Teams will first compete through regional “Jamborees” in Europe, the Americas, and Asia. Winners from the regional matches will move on to the World Championship Jamboree at MIT in November.

The Penn iGEM team will be among 70 teams from North and South America at the Americas Regional Jamboree this weekend.

While the iGEM has had a relatively long history, Penn is sending its first team to the competition this year.

“It’s kind of crazy that Penn didn’t have a team up until now,” Magaraci said, adding that Penn has many strong departments which study biology.

Penn’s iGEM team first began this past January when a group of students approached Engineering assistant professor Casim Sarkar to advise their group.
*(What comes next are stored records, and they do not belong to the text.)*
definition Sigma_sec :: "nat \<Rightarrow> nat \<Rightarrow> real \<Rightarrow> real" where
  "Sigma_sec m k \<alpha> = incl_excl_sum (S_sec m k \<alpha>)"

definition V_J :: "nat \<Rightarrow> nat \<Rightarrow> real \<Rightarrow> real" where
  "V_J m k \<alpha> = real k / ln (real m) *
     ((1 - \<alpha> / real m powr (1 / real k)) * Sigma_prim m k \<alpha>
      + (1 - 1 / \<alpha>) * Sigma_sec m k \<alpha>)"

definition V_H :: "nat \<Rightarrow> nat \<Rightarrow> real \<Rightarrow> real" where
  "V_H m k \<alpha> = real k / ln (real m) * (\<alpha> + real m powr (1 / real k) / \<alpha> - 2)"

end

theory Submission
  imports Defs "HOL-Analysis.Harmonic_Numbers"
begin

(* Put a = \<alpha> and b = m^(1/k) / \<alpha>, so that a, b > 1, ln m / k = ln (a b) and
   V_H = (a + b - 2) / ln (a b).  The sum \<Sigma>(S) is the density of the positive reals that
   are integer multiples of an element of S (inclusion-exclusion for the number of such
   multiples up to T), so it is monotone in S.  As {1, a} is contained in S^prim and {1, b}
   in S^sec, V_J is at least pair_weight a b \<epsilon>_a \<epsilon>_b / ln (a b), where
   \<epsilon>_x = 1 / LCM(1, x).  It remains to prove the real inequality
   5 ln (a b) \<le> 6 ln 2 max (pair_weight a b \<epsilon>_a \<epsilon>_b) (a + b - 2).
   For a b \<ge> 21/10 the second term suffices, by AM-GM.  Otherwise \<epsilon>_x \<le> 1/(4x) unless x is
   one of 2, 3/2, 4/3, 5/3, and the generic case and the few exceptional values follow from
   tangent-line bounds on ln together with 2/3 \<le> ln 2 \<le> 25/36; the inequality is tight at
   (a, b) = (3/2, 4/3). *)

section \<open>Least common multiples of positive reals\<close>

lemma of_int_mult_in_common_multiples:
  assumes "L \<in> common_multiples N" and "(n::int) \<ge> 1"
  shows "of_int n * L \<in> common_multiples N"
proof -
  have "\<exists>j::int. of_int n * L = of_int j * x" if x: "x \<in> N" for x
  proof -
    obtain j :: int where "L = of_int j * x"
      using assms(1) x unfolding common_multiples_def by auto
    then show ?thesis by (intro exI[of _ "n * j"]) simp
  qed
  then show ?thesis using assms unfolding common_multiples_def by auto
qed

lemma Least_common_multiple:
  assumes "x \<in> N" and "x > 0" and "common_multiples N \<noteq> {}"
  shows "(LEAST L. L \<in> common_multiples N) \<in> common_multiples N"
    and "y \<in> common_multiples N \<Longrightarrow> (LEAST L. L \<in> common_multiples N) \<le> y"
proof -
  let ?C = "common_multiples N"
  have multiple_of_x: "\<exists>n::nat. n > 0 \<and> y = real n * x" if y: "y \<in> ?C" for y
  proof -
    obtain j :: int where j: "y = of_int j * x" "y > 0"
      using y assms(1) unfolding common_multiples_def by auto
    then have "j > 0" using \<open>x > 0\<close> by (simp add: zero_less_mult_iff)
    then show ?thesis using j by (intro exI[of _ "nat j"]) simp
  qed
  define n where "n = (LEAST n::nat. real n * x \<in> ?C)"
  obtain y0 where "y0 \<in> ?C" using assms(3) by auto
  then have "\<exists>n::nat. real n * x \<in> ?C" using multiple_of_x by metis
  then have n_in: "real n * x \<in> ?C" unfolding n_def by (rule LeastI_ex)
  have n_le: "real n * x \<le> y" if y: "y \<in> ?C" for y
  proof -
    obtain n' :: nat where "y = real n' * x" using multiple_of_x[OF y] by auto
    moreover have "n \<le> n'" unfolding n_def using y calculation by (auto intro: Least_le)
    ultimately show ?thesis using \<open>x > 0\<close> by (simp add: mult_right_mono)
  qed
  have "(LEAST L. L \<in> ?C) = real n * x"
    by (rule Least_equality) (use n_in n_le in auto)
  then show "(LEAST L. L \<in> ?C) \<in> ?C" and "y \<in> ?C \<Longrightarrow> (LEAST L. L \<in> ?C) \<le> y"
    using n_in n_le by simp_all
qed

lemma common_multiple_eq_multiple_of_Least:
  assumes "x \<in> N" and "x > 0" and y: "y \<in> common_multiples N"
  shows "\<exists>n::int. n \<ge> 1 \<and> y = of_int n * (LEAST L. L \<in> common_multiples N)"
proof -
  let ?C = "common_multiples N"
  define L where "L = (LEAST L. L \<in> ?C)"
  have L_in: "L \<in> ?C" and L_le: "\<And>z. z \<in> ?C \<Longrightarrow> L \<le> z"
    using Least_common_multiple[OF assms(1,2)] y unfolding L_def by auto
  have "L > 0" "y > 0" using L_in y unfolding common_multiples_def by auto
  define n where "n = \<lfloor>y / L\<rfloor>"
  define r where "r = y - of_int n * L"
  have "0 \<le> r" "r < L"
    using \<open>L > 0\<close> floor_divide_lower[of L y] floor_divide_upper[of L y]
    unfolding r_def n_def by (auto simp: algebra_simps)
  have r_multiple: "\<exists>j::int. r = of_int j * z" if z: "z \<in> N" for z
  proof -
    obtain i j :: int where "y = of_int i * z" "L = of_int j * z"
      using y L_in z unfolding common_multiples_def by blast
    then show ?thesis by (intro exI[of _ "i - n * j"]) (simp add: r_def algebra_simps)
  qed
  have "r = 0"
  proof (rule ccontr)
    assume "r \<noteq> 0"
    then have "r \<in> ?C" using \<open>0 \<le> r\<close> r_multiple unfolding common_multiples_def by auto
    then show False using L_le \<open>r < L\<close> by force
  qed
  then have "y = of_int n * L" unfolding r_def by simp
  moreover have "n \<ge> 1"
    using \<open>y > 0\<close> \<open>L > 0\<close> calculation by (auto simp: zero_less_mult_iff)
  ultimately show ?thesis unfolding L_def by blast
qed

definition multiples_upto :: "real \<Rightarrow> real \<Rightarrow> real set" where
  "multiples_upto T x = {y. 0 < y \<and> y \<le> T \<and> (\<exists>j::int. y = of_int j * x)}"

lemma Inter_multiples_upto:
  assumes "B \<noteq> {}"
  shows "\<Inter> (multiples_upto T ` B) = {y \<in> common_multiples B. y \<le> T}"
  using assms unfolding multiples_upto_def common_multiples_def by auto

lemma card_Inter_multiples_upto:
  assumes "B \<noteq> {}" and "\<forall>x\<in>B. x > 0"
  shows "card (\<Inter> (multiples_upto T ` B)) = nat \<lfloor>T * inv_LCM B\<rfloor>"
proof (cases "common_multiples B = {}")
  case True
  then show ?thesis using Inter_multiples_upto[OF assms(1)] unfolding inv_LCM_def by simp
next
  case False
  obtain x where x: "x \<in> B" "x > 0" using assms by auto
  define L where "L = (LEAST L. L \<in> common_multiples B)"
  have L_in: "L \<in> common_multiples B"
    using Least_common_multiple(1)[OF x False] unfolding L_def .
  then have "L > 0" unfolding common_multiples_def by auto
  have "{y \<in> common_multiples B. y \<le> T} = (\<lambda>n. of_int n * L) ` {1..\<lfloor>T / L\<rfloor>}"
  proof (intro equalityI subsetI)
    fix y assume y: "y \<in> {y \<in> common_multiples B. y \<le> T}"
    then obtain n :: int where "n \<ge> 1" "y = of_int n * L"
      using common_multiple_eq_multiple_of_Least[OF x] unfolding L_def by blast
    moreover have "n \<le> \<lfloor>T / L\<rfloor>"
      using y calculation \<open>L > 0\<close> by (simp add: le_floor_iff pos_le_divide_eq)
    ultimately show "y \<in> (\<lambda>n. of_int n * L) ` {1..\<lfloor>T / L\<rfloor>}" by auto
  next
    fix y assume "y \<in> (\<lambda>n. of_int n * L) ` {1..\<lfloor>T / L\<rfloor>}"
    then obtain n :: int where n: "1 \<le> n" "n \<le> \<lfloor>T / L\<rfloor>" "y = of_int n * L" by auto
    then have "y \<le> T" using \<open>L > 0\<close> by (simp add: le_floor_iff pos_le_divide_eq)
    then show "y \<in> {y \<in> common_multiples B. y \<le> T}"
      using of_int_mult_in_common_multiples[OF L_in n(1)] n(3) by simp
  qed
  moreover have "inj_on (\<lambda>n. of_int n * L) {1..\<lfloor>T / L\<rfloor>}"
    using \<open>L > 0\<close> by (auto simp: inj_on_def)
  moreover have "inv_LCM B = 1 / L" unfolding inv_LCM_def L_def using False by simp
  ultimately show ?thesis
    using Inter_multiples_upto[OF assms(1)] by (simp add: card_image)
qed

lemma finite_multiples_upto:
  assumes "x > 0"
  shows "finite (multiples_upto T x)"
proof (rule finite_subset)
  show "multiples_upto T x \<subseteq> (\<lambda>j. of_int j * x) ` {1..\<lfloor>T / x\<rfloor>}"
  proof
    fix y assume "y \<in> multiples_upto T x"
    then obtain j :: int where "0 < y" "y \<le> T" "y = of_int j * x"
      unfolding multiples_upto_def by auto
    with assms show "y \<in> (\<lambda>j. of_int j * x) ` {1..\<lfloor>T / x\<rfloor>}"
      by (auto simp: le_floor_iff pos_le_divide_eq zero_less_mult_iff)
  qed
qed simp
“It was kind of fortuitous because I was trying to set it up already,” Sarkar said.

Once Sarkar agreed to advise the team, the next step was to find funding from a variety of sponsors, including the University City Science Center, New England Biolabs and the William and Phyllis Mack Center for Technological Innovation.

“We have to be very self-motivated,” Magaraci said.

“We pretty much walked into the lab in May where there was just an empty bench. There was nothing there. So we had to raise money for the equipment, we had to find the people, we had to find the advisors,” Wharton and Engineering junior Avin Veerakumar said.